== Segment start ==
text \<open>By uniform continuity a summand can only be positive across a step of length at least
  some \<eta> > 0, so every oscillation sum is at most (b - a) / \<eta>.\<close>
lemma bdd_above_osc_sums:
  assumes "continuous_on {a..b} f"
  shows "bdd_above (osc_sums f a b D)"
proof -
  obtain u p q where D: "D = (u, p, q)" by (cases D)
  define H where "H t = -3 + 6 / (q - p) * (u \<bullet> f t - p)" for t
  have gH: "g_pair D (f t) = gfun (H t)" for t
    unfolding D g_pair_def H_def by simp
  have "uniformly_continuous_on {a..b} H"
    unfolding H_def by (intro compact_uniformly_continuous continuous_intros assms) auto
  then obtain \<eta> where "0 < \<eta>"
    and \<eta>: "\<And>t t'. t \<in> {a..b} \<Longrightarrow> t' \<in> {a..b} \<Longrightarrow> dist t' t < \<eta> \<Longrightarrow> dist (H t') (H t) < 2"
    unfolding uniformly_continuous_on_def by (metis zero_less_numeral)
  have "z \<le> (b - a) / \<eta>" if "z \<in> osc_sums f a b D" for z
  proof -
    obtain k s where z: "z = - (\<Sum>i\<in>{1..k}. gfun (H (s (i - 1))) * gfun (H (s i)))"
      and s: "a \<le> s 0" "\<forall>i<k. s i \<le> s (Suc i)" "s k \<le> b"
      using \<open>z \<in> osc_sums f a b D\<close> unfolding osc_sums_def gH by blast
    have s_in: "s i \<in> {a..b}" if "i \<le> k" for i
      using mono_upto_le[OF s(2), of 0 i] mono_upto_le[OF s(2), of i k] s that by auto
    have "- (gfun (H (s (i - 1))) * gfun (H (s i))) \<le> (s i - s (i - 1)) / \<eta>"
      if "i \<in> {1..k}" for i
      using that by (intro gfun_summand_le_step[OF \<open>0 < \<eta>\<close> _ s_in s_in \<eta>] mono_upto_le[OF s(2)]) auto
    then have "z \<le> (\<Sum>i\<in>{1..k}. (s i - s (i - 1)) / \<eta>)"
      unfolding z sum_negf [symmetric] by (rule sum_mono)
    also have "\<dots> = (s k - s 0) / \<eta>"
      by (simp only: sum_divide_distrib [symmetric] sum_telescope_pred)
    also have "\<dots> \<le> (b - a) / \<eta>"
      using s \<open>0 < \<eta>\<close> by (simp add: divide_right_mono)
    finally show ?thesis .
  qed
  then show ?thesis
    unfolding bdd_above_def by blast
qed

lemma osc_nonneg:
  assumes "continuous_on {a..b} f" "a \<le> b"
  shows "0 \<le> osc f a b D"
proof -
  have "0 \<in> osc_sums f a b D"
    unfolding osc_sums_def using assms(2) by (intro CollectI exI[of _ 0] exI[of _ "\<lambda>_. a"]) simp
  then show ?thesis
    unfolding osc_eq_Sup_osc_sums using bdd_above_osc_sums[OF assms(1)] by (rule cSup_upper)
qed

lemma one_le_osc:
  assumes "continuous_on {a..b} f" "s \<in> {a..b}" "t \<in> {a..b}"
    and "g_pair E (f s) * g_pair E (f t) = -1"
  shows "1 \<le> osc f a b E"
proof -
  have "1 \<in> osc_sums f a b E"
  proof (cases "s \<le> t")
    case True
    then show ?thesis
      unfolding osc_sums_def using assms(2-4)
      by (intro CollectI exI[of _ 1] exI[of _ "\<lambda>i. if i = 0 then s else t"]) auto
  next
    case False
    then show ?thesis
      unfolding osc_sums_def using assms(2-4)
      by (intro CollectI exI[of _ 1] exI[of _ "\<lambda>i. if i = 0 then t else s"]) (auto simp: mult.commute)
  qed
  then show ?thesis
    unfolding osc_eq_Sup_osc_sums using bdd_above_osc_sums[OF assms(1)] by (rule cSup_upper)
qed

lemma total_osc_pos:
  assumes "dense_pairs D" "continuous_on {a..b} f" "s \<in> {a..b}" "t \<in> {a..b}" "f s \<noteq> f t"
  shows "0 < total_osc D f a b"
proof -
  define r where "r i = osc f a b (D i) / (1 + osc f a b (D i))" for i
  define h where "h i = (1/2::real) ^ Suc i * r i" for i
  have osc_ge_0: "0 \<le> osc f a b (D i)" for i
    using osc_nonneg[OF assms(2)] assms(3) by simp
  have r: "0 \<le> r i" "r i \<le> 1" for i
    unfolding r_def using osc_ge_0[of i] by simp_all
  then have h_nonneg: "0 \<le> h i" for i
    unfolding h_def by simp
  have h_le: "h i \<le> (1/2) ^ Suc i" for i
    unfolding h_def using mult_left_le[OF r(2), of "(1/2) ^ Suc i"] by simp
  have "summable h"
    by (rule summable_comparison_test'[of "\<lambda>i. (1/2::real) ^ Suc i"]) (use h_nonneg h_le in auto)
  obtain i where "g_pair (D i) (f s) = -1" "g_pair (D i) (f t) = 1"
    using dense_pairs_separate[OF assms(1,5)] by blast
  then have "1 \<le> osc f a b (D i)"
    by (intro one_le_osc[OF assms(2-4)]) simp
  then have "0 < h i"
    unfolding h_def r_def by simp
  then have "0 < suminf h"
    using \<open>summable h\<close> h_nonneg by (intro suminf_pos2)
  then show ?thesis
    unfolding total_osc_def h_def r_def .
qed

text \<open>Sample points in [c, d] may be pushed down to c without changing any oscillation sum.\<close>
lemma osc_sums_eq_if_constant:
  assumes "a \<le> c" "c \<le> d" "\<And>x. x \<in> {c..d} \<Longrightarrow> f x = f c"
  shows "osc_sums f a c E = osc_sums f a d E"
proof (intro antisym subsetI)
  fix z assume "z \<in> osc_sums f a c E"
  then obtain k s where "z = - (\<Sum>i\<in>{1..k}. g_pair E (f (s (i - 1))) * g_pair E (f (s i)))"
    "a \<le> s 0" "\<forall>i<k. s i \<le> s (Suc i)" "s k \<le> c"
    unfolding osc_sums_def by blast
  then show "z \<in> osc_sums f a d E"
    unfolding osc_sums_def using assms(2) by (intro CollectI exI[of _ k] exI[of _ s]) auto
next
  fix z assume "z \<in> osc_sums f a d E"
  then obtain k s where z: "z = - (\<Sum>i\<in>{1..k}. g_pair E (f (s (i - 1))) * g_pair E (f (s i)))"
    and s: "a \<le> s 0" "\<forall>i<k. s i \<le> s (Suc i)" "s k \<le> d"
    unfolding osc_sums_def by blast
  define s' where "s' i = min (s i) c" for i
  have "f (s' i) = f (s i)" if "i \<le> k" for i
    using assms(3)[of "s i"] mono_upto_le[OF s(2) that order_refl] s(3) by (auto simp: s'_def min_def)
  then have "z = - (\<Sum>i\<in>{1..k}. g_pair E (f (s' (i - 1))) * g_pair E (f (s' i)))"
    unfolding z by (intro arg_cong[where f = uminus] sum.cong) auto
  moreover have "a \<le> s' 0" "\<forall>i<k. s' i \<le> s' (Suc i)" "s' k \<le> c"
    using s assms(1,2) by (auto simp: s'_def)
  ultimately show "z \<in> osc_sums f a c E"
    unfolding osc_sums_def by blast
qed

text \<open>Constancy on [c', d'] \<subseteq> (c, d) makes the total oscillations on [0, c'] and on [0, d']
  equal, that is c' T = d' T.\<close>
lemma param_prop_osc_constant_imp_total_osc_eq_0:
  assumes "param_prop_osc D f" "0 \<le> c" "c < d" "d \<le> 1"
    and "\<And>x y. x \<in> {c<..<d} \<Longrightarrow> y \<in> {c<..<d} \<Longrightarrow> f x = f y"
  shows "total_osc D f 0 1 = 0"
proof -
  define c' where "c' = c + (d - c) / 3"
  define d' where "d' = c + 2 * (d - c) / 3"
  have "0 \<le> c'" "c' < d'" "d' \<le> 1" "c < c'" "d' < d"
    using assms(2-4) unfolding c'_def d'_def by (simp_all add: field_simps)
  then have "osc_sums f 0 c' E = osc_sums f 0 d' E" for E
    by (intro osc_sums_eq_if_constant assms(5)) auto
  then have "total_osc D f 0 c' = total_osc D f 0 d'"
    unfolding total_osc_def osc_eq_Sup_osc_sums by simp
  moreover have "total_osc D f 0 t = t * total_osc D f 0 1" if "t \<in> {0..1}" for t
    using assms(1) that unfolding param_prop_osc_def by blast
  ultimately have "c' * total_osc D f 0 1 = d' * total_osc D f 0 1"
    using \<open>0 \<le> c'\<close> \<open>c' < d'\<close> \<open>d' \<le> 1\<close> by (metis atLeastAtMost_iff order.trans less_imp_le)
  then show ?thesis
    using \<open>c' < d'\<close> by simp
qed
== Segment end ==
▸ Activity:
Say how many lines in the listing include the word "ultimately", giving nothing but the number.

▸ Written response:
2